Every line below between the line holding "(rule finite_winding_parity[OF walk])" and the line holding "(simp add: site_connected_def)", inclusive, should be repeated exactly, and all other lines omitted.

==============================

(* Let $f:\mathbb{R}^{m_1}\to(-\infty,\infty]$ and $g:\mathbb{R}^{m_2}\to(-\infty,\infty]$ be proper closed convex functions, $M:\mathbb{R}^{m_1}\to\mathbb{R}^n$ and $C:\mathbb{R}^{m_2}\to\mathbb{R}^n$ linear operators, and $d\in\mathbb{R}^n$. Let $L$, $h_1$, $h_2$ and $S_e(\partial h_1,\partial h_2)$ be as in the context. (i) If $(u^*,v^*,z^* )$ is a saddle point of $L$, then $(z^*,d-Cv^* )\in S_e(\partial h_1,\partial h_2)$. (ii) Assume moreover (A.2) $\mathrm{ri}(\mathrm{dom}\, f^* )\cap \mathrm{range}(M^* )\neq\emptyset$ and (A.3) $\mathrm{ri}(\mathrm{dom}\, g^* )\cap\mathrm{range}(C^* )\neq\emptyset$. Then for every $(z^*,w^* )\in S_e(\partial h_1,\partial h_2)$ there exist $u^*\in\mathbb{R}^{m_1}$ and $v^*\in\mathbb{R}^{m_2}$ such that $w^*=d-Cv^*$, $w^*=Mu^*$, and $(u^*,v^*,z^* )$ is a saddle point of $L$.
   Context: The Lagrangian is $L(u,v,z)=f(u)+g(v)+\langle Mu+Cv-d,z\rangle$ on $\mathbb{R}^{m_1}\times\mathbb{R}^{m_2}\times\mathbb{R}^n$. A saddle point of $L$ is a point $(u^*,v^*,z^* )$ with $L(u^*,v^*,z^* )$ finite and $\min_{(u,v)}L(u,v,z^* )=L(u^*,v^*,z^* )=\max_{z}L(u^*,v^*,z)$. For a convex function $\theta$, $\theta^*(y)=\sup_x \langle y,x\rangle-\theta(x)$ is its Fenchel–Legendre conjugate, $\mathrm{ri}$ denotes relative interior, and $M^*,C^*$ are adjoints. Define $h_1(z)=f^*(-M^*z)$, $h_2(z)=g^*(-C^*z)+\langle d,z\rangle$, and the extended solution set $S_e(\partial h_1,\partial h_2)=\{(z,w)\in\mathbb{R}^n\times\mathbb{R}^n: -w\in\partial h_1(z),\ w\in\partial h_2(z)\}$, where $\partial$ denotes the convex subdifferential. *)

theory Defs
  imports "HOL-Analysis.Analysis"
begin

==============================

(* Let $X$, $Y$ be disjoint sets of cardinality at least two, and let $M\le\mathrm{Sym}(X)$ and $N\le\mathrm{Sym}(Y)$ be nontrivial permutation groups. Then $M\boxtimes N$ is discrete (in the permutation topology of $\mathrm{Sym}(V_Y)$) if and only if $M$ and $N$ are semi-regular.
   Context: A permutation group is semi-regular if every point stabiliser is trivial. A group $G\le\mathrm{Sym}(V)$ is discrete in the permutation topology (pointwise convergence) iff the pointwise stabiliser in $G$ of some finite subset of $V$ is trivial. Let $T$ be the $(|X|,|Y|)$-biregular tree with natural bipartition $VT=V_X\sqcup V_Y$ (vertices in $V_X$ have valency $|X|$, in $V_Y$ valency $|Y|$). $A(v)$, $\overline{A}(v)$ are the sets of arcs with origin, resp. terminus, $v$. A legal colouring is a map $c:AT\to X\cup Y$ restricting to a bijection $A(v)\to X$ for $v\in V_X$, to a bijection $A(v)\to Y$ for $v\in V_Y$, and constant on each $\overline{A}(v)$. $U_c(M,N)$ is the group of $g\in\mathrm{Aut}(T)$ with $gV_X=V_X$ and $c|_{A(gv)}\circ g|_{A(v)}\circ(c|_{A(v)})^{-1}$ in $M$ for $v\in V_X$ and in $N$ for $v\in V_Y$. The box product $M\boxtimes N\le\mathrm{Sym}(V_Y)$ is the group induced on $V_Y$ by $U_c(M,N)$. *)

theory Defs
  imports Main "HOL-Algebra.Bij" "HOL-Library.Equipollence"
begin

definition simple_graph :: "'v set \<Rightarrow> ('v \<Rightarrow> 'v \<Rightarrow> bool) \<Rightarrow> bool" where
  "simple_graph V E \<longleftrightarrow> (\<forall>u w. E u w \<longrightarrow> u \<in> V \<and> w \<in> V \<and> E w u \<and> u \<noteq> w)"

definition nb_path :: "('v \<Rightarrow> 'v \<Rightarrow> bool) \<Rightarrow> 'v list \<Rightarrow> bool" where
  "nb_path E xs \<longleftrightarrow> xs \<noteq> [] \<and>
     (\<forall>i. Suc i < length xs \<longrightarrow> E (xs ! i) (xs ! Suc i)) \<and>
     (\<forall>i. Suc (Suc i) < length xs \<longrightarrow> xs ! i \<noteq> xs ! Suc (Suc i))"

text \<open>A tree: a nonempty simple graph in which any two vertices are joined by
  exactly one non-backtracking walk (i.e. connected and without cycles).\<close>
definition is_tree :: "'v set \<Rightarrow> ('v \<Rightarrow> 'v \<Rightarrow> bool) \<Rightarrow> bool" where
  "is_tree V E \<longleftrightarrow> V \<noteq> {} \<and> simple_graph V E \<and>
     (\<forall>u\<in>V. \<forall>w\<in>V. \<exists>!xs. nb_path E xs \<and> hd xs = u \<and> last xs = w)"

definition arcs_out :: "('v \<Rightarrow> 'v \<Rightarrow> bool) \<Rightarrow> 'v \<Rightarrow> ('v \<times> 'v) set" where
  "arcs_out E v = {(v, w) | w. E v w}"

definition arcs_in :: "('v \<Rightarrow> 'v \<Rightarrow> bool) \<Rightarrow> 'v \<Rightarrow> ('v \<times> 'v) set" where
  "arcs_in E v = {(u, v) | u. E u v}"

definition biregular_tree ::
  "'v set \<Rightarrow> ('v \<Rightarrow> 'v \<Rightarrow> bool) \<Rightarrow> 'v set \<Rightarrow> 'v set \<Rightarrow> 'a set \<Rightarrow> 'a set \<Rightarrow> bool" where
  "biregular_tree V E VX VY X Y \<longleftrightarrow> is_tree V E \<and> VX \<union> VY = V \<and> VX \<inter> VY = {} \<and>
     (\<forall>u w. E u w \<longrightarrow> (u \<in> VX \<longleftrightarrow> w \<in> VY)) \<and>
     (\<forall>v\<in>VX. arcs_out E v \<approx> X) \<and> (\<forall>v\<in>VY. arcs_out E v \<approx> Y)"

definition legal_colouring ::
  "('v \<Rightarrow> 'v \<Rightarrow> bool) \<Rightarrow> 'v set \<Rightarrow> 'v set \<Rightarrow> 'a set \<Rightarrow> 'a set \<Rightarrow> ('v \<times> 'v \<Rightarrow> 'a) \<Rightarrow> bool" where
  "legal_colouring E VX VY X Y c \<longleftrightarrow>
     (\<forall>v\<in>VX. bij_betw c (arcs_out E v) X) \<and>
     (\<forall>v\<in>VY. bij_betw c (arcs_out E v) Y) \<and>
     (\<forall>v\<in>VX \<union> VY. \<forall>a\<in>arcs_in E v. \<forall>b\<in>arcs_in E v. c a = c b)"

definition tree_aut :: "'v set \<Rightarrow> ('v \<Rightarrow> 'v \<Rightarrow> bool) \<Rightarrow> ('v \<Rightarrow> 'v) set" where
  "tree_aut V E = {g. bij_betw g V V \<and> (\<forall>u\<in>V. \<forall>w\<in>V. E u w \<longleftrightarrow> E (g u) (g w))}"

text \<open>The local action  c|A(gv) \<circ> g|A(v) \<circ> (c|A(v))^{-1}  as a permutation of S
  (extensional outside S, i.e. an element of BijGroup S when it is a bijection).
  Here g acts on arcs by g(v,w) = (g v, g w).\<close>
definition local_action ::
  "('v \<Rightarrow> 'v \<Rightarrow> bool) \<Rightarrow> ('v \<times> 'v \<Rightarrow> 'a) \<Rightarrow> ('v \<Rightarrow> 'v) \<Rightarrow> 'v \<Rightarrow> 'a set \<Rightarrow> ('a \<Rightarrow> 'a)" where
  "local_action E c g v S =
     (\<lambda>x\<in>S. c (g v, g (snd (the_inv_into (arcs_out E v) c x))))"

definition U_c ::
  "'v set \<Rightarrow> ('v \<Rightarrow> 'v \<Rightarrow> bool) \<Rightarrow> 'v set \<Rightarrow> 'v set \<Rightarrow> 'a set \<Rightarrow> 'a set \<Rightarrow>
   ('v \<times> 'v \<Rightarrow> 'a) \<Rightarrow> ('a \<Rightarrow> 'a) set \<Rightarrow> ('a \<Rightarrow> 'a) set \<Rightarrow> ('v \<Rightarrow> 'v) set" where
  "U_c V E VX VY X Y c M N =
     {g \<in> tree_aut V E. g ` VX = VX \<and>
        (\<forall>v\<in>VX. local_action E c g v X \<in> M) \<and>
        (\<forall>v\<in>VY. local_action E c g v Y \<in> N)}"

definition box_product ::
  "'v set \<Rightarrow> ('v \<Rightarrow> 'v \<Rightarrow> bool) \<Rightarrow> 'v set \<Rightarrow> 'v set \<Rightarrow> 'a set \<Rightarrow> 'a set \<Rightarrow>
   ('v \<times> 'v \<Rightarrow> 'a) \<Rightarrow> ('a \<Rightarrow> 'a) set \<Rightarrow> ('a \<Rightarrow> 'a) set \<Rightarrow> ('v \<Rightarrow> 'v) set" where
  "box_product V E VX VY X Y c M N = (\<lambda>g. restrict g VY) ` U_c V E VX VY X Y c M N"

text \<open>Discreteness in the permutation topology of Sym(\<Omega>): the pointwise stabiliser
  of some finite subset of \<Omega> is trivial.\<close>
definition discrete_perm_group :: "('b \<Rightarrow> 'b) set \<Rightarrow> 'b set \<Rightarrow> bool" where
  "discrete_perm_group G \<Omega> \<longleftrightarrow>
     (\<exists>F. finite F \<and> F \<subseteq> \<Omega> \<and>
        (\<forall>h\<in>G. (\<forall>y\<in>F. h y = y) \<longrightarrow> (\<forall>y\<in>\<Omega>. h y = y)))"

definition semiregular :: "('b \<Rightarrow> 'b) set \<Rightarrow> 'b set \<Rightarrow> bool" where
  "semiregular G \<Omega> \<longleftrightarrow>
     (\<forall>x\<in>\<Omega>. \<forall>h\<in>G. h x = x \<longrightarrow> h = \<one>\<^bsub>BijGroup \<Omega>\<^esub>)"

==============================

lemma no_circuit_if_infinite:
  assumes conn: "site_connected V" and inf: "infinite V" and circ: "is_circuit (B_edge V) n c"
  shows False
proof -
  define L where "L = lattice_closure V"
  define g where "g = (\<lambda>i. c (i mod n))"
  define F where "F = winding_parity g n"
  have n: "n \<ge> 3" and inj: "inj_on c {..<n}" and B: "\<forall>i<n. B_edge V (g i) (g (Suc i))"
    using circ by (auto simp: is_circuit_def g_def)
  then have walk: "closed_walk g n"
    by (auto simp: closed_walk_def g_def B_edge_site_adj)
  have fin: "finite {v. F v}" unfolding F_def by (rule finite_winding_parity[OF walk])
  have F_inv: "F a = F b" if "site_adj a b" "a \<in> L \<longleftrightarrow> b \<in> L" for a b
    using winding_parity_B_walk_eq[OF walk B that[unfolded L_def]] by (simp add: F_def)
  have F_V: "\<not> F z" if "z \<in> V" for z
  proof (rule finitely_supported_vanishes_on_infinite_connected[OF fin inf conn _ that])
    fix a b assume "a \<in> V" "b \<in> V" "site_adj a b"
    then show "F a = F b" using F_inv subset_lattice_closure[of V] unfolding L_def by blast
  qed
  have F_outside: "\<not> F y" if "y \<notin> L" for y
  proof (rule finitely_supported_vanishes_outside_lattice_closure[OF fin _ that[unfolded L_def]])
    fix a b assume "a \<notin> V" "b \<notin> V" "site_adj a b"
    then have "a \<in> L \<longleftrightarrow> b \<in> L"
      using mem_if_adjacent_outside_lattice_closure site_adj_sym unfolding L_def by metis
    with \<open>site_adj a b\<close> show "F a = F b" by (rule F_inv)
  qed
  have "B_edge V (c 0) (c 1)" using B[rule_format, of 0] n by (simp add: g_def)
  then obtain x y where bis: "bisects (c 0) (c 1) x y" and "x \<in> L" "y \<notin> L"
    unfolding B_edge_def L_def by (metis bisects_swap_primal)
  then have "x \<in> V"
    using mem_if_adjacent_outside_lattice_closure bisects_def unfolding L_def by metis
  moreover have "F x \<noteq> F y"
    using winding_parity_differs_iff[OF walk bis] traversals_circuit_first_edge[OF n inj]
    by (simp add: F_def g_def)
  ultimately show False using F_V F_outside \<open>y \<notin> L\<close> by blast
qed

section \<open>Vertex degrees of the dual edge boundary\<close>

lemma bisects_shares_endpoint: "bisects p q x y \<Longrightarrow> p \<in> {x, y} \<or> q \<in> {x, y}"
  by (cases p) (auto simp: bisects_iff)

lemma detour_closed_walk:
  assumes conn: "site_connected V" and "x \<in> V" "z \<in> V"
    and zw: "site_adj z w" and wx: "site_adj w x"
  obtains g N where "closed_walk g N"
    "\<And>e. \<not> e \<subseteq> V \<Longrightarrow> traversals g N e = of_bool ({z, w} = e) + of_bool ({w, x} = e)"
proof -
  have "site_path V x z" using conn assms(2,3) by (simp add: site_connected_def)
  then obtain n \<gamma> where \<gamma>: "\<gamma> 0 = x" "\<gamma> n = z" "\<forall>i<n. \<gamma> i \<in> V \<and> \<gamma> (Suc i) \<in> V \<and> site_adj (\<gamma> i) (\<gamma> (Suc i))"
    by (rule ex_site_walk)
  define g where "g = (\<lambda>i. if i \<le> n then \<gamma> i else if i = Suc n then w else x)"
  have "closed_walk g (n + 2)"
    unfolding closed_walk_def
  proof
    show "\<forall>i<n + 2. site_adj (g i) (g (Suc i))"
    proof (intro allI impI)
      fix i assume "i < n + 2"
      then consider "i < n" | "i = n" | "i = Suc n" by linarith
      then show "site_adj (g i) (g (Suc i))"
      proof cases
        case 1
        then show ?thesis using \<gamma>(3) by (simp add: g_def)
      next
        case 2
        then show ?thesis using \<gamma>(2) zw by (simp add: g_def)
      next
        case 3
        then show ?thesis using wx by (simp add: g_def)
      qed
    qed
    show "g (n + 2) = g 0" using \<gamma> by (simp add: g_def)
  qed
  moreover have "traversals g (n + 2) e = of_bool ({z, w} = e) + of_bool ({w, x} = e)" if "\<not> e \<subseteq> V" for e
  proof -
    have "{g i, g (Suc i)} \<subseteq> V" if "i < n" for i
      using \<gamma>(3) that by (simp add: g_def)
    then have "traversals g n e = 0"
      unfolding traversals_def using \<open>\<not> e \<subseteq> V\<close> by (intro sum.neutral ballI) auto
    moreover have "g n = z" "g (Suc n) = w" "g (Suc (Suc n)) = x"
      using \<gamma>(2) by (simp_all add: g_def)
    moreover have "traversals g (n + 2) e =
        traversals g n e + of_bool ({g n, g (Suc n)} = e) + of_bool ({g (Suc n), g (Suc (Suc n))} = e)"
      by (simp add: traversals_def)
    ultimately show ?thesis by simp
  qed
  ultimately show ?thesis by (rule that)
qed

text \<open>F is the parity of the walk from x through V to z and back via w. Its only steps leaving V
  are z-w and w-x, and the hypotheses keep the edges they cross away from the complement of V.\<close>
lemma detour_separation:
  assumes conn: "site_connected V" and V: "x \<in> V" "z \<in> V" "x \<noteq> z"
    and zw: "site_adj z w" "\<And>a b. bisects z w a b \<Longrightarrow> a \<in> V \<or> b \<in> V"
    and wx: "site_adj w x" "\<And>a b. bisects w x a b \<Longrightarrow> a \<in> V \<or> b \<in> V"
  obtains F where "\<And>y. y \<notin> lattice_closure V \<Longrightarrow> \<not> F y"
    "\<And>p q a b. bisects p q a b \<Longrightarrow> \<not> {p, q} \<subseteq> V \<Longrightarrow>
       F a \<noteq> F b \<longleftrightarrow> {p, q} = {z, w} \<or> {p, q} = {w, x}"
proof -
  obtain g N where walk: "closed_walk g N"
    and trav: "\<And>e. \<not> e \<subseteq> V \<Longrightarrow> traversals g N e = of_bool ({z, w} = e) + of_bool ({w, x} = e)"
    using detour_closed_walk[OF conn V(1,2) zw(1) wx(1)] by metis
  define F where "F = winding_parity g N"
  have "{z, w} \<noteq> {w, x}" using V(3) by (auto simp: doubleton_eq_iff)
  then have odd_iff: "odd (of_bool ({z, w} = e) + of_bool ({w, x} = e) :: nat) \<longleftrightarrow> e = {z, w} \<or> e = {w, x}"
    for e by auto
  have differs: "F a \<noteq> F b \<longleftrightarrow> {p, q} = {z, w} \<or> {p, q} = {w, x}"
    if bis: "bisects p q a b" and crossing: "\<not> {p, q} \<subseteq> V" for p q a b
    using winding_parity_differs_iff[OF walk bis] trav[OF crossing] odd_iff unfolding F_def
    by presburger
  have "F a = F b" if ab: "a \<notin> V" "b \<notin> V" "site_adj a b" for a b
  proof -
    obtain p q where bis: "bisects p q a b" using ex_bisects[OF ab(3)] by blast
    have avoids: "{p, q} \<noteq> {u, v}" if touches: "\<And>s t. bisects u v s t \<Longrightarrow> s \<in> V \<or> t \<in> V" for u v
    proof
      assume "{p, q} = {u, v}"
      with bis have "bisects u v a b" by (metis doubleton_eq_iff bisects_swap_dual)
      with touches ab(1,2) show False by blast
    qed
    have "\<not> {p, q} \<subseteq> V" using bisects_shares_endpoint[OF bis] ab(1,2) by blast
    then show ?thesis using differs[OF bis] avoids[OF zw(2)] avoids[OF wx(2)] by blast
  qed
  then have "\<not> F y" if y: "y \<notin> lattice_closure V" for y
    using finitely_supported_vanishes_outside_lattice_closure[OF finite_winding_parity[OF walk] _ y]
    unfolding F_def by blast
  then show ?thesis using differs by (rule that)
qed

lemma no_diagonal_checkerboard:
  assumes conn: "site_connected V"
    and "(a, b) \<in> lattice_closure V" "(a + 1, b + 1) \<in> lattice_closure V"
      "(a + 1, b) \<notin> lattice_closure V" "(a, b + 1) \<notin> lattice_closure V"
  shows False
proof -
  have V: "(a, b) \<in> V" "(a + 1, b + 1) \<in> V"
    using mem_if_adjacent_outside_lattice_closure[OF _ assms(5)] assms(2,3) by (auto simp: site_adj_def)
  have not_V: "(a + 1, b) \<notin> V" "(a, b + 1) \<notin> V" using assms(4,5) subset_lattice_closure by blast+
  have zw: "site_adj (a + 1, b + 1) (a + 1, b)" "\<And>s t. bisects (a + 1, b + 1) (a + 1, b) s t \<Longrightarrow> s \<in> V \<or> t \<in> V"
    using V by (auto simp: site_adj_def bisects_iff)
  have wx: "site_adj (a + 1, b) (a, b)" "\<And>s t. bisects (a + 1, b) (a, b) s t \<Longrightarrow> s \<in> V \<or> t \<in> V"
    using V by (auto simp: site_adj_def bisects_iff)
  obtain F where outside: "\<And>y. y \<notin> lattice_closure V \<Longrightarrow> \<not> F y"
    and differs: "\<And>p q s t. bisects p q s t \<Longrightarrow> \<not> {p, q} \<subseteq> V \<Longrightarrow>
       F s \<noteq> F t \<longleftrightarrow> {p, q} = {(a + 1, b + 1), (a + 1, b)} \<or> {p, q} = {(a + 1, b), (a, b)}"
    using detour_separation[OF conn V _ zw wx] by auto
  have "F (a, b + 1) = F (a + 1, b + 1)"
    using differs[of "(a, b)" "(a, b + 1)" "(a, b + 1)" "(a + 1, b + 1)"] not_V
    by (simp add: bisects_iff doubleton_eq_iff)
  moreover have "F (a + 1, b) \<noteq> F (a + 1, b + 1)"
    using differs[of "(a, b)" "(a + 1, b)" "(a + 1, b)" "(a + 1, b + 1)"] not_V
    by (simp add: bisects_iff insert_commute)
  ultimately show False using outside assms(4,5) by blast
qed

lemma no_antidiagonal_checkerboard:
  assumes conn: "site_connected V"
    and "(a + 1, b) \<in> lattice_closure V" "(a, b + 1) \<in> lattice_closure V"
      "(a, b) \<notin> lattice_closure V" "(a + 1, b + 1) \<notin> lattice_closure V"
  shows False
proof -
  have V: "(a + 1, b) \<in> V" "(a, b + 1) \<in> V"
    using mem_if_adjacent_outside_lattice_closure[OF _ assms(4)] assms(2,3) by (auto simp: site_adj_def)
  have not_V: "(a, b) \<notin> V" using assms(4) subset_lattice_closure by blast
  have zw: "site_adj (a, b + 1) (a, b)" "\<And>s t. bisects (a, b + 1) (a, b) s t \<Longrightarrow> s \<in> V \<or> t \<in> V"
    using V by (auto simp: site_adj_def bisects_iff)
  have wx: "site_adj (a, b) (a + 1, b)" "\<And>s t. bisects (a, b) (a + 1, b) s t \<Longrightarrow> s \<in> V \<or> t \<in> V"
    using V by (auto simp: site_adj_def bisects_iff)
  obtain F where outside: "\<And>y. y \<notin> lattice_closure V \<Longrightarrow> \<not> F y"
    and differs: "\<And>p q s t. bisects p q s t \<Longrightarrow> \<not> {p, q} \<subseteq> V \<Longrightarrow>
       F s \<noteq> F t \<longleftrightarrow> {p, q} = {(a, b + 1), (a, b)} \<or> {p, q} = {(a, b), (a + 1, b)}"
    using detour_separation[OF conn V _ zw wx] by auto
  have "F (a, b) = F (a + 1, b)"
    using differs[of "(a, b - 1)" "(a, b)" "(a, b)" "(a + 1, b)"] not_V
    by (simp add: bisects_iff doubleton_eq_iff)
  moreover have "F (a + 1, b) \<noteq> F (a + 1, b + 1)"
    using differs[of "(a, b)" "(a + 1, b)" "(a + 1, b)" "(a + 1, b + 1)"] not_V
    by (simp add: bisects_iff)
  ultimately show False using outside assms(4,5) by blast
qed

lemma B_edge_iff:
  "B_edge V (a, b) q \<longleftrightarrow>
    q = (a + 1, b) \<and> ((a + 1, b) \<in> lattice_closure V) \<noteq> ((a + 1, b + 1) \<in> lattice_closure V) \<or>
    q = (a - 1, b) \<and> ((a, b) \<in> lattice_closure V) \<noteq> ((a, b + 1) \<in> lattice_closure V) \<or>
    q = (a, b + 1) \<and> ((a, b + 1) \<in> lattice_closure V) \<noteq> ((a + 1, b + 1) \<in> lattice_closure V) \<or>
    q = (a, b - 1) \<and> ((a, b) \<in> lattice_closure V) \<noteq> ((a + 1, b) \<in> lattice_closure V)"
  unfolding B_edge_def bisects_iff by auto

==============================

=== PROBLEM SOLUTION ===
  have fin: "finite {v. F v}" unfolding F_def by (rule finite_winding_parity[OF walk])
  have F_inv: "F a = F b" if "site_adj a b" "a \<in> L \<longleftrightarrow> b \<in> L" for a b
    using winding_parity_B_walk_eq[OF walk B that[unfolded L_def]] by (simp add: F_def)
  have F_V: "\<not> F z" if "z \<in> V" for z
  proof (rule finitely_supported_vanishes_on_infinite_connected[OF fin inf conn _ that])
    fix a b assume "a \<in> V" "b \<in> V" "site_adj a b"
    then show "F a = F b" using F_inv subset_lattice_closure[of V] unfolding L_def by blast
  qed
  have F_outside: "\<not> F y" if "y \<notin> L" for y
  proof (rule finitely_supported_vanishes_outside_lattice_closure[OF fin _ that[unfolded L_def]])
    fix a b assume "a \<notin> V" "b \<notin> V" "site_adj a b"
    then have "a \<in> L \<longleftrightarrow> b \<in> L"
      using mem_if_adjacent_outside_lattice_closure site_adj_sym unfolding L_def by metis
    with \<open>site_adj a b\<close> show "F a = F b" by (rule F_inv)
  qed
  have "B_edge V (c 0) (c 1)" using B[rule_format, of 0] n by (simp add: g_def)
  then obtain x y where bis: "bisects (c 0) (c 1) x y" and "x \<in> L" "y \<notin> L"
    unfolding B_edge_def L_def by (metis bisects_swap_primal)
  then have "x \<in> V"
    using mem_if_adjacent_outside_lattice_closure bisects_def unfolding L_def by metis
  moreover have "F x \<noteq> F y"
    using winding_parity_differs_iff[OF walk bis] traversals_circuit_first_edge[OF n inj]
    by (simp add: F_def g_def)
  ultimately show False using F_V F_outside \<open>y \<notin> L\<close> by blast
qed

section \<open>Vertex degrees of the dual edge boundary\<close>

lemma bisects_shares_endpoint: "bisects p q x y \<Longrightarrow> p \<in> {x, y} \<or> q \<in> {x, y}"
  by (cases p) (auto simp: bisects_iff)

lemma detour_closed_walk:
  assumes conn: "site_connected V" and "x \<in> V" "z \<in> V"
    and zw: "site_adj z w" and wx: "site_adj w x"
  obtains g N where "closed_walk g N"
    "\<And>e. \<not> e \<subseteq> V \<Longrightarrow> traversals g N e = of_bool ({z, w} = e) + of_bool ({w, x} = e)"
proof -
  have "site_path V x z" using conn assms(2,3) by (simp add: site_connected_def)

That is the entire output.